(Stored items from a collection)
########################################

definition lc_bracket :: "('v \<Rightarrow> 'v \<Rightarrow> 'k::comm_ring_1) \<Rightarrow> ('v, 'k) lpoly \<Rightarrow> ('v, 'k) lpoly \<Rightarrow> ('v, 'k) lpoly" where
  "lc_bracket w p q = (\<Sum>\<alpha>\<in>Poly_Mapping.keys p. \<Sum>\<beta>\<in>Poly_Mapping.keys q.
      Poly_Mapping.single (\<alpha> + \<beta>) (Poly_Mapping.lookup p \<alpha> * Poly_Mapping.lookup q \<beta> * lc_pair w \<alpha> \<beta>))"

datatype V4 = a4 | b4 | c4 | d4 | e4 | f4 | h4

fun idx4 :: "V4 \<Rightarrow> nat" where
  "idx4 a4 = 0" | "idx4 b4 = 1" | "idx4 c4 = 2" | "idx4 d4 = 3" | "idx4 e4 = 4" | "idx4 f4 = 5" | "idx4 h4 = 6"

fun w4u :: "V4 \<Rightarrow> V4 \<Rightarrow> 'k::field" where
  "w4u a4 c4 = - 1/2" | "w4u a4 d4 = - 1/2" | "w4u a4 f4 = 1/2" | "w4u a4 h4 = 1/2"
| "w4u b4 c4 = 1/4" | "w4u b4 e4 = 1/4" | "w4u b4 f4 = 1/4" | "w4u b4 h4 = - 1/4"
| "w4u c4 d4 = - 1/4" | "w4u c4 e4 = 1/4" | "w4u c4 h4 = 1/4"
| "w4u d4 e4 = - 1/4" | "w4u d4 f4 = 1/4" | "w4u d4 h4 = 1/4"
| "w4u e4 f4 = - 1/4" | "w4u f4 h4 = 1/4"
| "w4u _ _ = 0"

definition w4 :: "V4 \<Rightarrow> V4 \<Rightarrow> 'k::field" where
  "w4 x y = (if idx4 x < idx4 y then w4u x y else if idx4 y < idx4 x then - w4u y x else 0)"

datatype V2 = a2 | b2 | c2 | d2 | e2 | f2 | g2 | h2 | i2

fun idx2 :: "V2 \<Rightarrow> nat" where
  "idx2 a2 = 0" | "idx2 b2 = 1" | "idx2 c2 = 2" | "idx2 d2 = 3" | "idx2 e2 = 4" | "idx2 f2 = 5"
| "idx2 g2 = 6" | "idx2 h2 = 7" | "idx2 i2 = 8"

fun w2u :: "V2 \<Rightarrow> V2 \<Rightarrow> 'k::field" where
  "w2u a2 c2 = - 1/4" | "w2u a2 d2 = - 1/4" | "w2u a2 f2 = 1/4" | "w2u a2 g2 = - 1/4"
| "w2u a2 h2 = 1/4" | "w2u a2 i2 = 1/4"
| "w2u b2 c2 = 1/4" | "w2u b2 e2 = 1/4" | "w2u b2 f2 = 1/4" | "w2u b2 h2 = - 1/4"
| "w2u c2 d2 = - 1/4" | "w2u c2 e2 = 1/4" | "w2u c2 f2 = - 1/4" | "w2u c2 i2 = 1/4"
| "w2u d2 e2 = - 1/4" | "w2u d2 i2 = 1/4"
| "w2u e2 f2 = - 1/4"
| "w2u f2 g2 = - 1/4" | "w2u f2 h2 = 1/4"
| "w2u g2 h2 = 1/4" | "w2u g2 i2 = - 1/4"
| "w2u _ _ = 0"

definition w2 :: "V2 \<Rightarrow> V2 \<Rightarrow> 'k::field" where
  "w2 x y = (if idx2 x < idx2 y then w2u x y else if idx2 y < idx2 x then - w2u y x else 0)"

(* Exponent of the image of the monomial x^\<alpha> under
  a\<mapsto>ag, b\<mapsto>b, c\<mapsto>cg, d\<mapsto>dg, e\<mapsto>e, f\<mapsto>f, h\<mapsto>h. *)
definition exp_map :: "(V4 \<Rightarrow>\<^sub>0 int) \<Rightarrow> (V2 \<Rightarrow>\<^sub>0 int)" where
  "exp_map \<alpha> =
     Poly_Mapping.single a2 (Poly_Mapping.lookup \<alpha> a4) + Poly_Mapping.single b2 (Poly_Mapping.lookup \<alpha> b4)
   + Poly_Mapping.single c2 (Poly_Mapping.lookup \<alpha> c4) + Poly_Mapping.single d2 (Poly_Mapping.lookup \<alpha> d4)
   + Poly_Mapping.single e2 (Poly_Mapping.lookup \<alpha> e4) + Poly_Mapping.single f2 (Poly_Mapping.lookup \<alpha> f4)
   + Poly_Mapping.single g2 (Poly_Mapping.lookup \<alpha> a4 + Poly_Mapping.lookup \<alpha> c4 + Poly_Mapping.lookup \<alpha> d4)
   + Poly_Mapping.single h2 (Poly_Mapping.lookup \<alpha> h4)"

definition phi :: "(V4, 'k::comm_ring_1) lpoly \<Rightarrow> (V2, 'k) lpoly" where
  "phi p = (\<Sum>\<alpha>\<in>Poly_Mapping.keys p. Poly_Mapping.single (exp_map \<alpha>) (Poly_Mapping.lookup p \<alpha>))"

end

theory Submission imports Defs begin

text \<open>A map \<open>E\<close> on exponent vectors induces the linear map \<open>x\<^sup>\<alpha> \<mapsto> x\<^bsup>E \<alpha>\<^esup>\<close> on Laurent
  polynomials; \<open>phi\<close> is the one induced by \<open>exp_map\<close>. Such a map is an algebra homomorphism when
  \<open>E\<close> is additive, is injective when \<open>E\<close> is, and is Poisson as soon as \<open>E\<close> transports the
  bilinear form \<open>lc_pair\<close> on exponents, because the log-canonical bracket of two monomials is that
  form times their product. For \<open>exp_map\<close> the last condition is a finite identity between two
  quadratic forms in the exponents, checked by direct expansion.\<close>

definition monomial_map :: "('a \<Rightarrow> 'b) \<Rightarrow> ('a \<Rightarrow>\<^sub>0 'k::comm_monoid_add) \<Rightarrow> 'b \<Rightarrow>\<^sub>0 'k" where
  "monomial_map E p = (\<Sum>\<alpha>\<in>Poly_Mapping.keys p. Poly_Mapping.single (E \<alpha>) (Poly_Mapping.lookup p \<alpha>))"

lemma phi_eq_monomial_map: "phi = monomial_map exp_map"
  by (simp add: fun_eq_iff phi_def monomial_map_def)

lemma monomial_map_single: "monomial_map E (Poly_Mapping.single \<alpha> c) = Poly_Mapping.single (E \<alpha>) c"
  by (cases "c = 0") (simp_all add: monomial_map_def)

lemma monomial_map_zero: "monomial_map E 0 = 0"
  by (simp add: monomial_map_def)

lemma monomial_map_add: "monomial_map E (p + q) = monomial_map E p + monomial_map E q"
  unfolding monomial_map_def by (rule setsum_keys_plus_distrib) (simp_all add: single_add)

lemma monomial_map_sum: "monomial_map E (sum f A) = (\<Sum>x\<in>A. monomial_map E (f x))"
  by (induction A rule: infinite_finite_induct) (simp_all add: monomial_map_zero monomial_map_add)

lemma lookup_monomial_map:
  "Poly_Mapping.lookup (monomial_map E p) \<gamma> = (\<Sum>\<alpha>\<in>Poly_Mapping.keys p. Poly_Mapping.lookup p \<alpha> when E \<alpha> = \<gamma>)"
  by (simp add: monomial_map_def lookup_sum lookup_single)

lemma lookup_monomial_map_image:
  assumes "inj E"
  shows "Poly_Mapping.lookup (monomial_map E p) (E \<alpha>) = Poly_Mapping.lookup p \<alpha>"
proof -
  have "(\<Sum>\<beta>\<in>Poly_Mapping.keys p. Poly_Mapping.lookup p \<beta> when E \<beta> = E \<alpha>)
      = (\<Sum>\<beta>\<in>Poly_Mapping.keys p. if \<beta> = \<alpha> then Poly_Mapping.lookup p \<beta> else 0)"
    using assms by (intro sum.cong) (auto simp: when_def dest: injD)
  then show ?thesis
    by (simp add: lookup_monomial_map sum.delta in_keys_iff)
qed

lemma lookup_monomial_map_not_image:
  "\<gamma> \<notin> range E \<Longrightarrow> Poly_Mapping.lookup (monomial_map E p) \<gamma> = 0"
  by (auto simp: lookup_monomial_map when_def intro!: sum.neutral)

########################################

In the data above, find each line that uses the string "else". Copy it.

Written reply:
  "w4 x y = (if idx4 x < idx4 y then w4u x y else if idx4 y < idx4 x then - w4u y x else 0)"
  "w2 x y = (if idx2 x < idx2 y then w2u x y else if idx2 y < idx2 x then - w2u y x else 0)"
      = (\<Sum>\<beta>\<in>Poly_Mapping.keys p. if \<beta> = \<alpha> then Poly_Mapping.lookup p \<beta> else 0)"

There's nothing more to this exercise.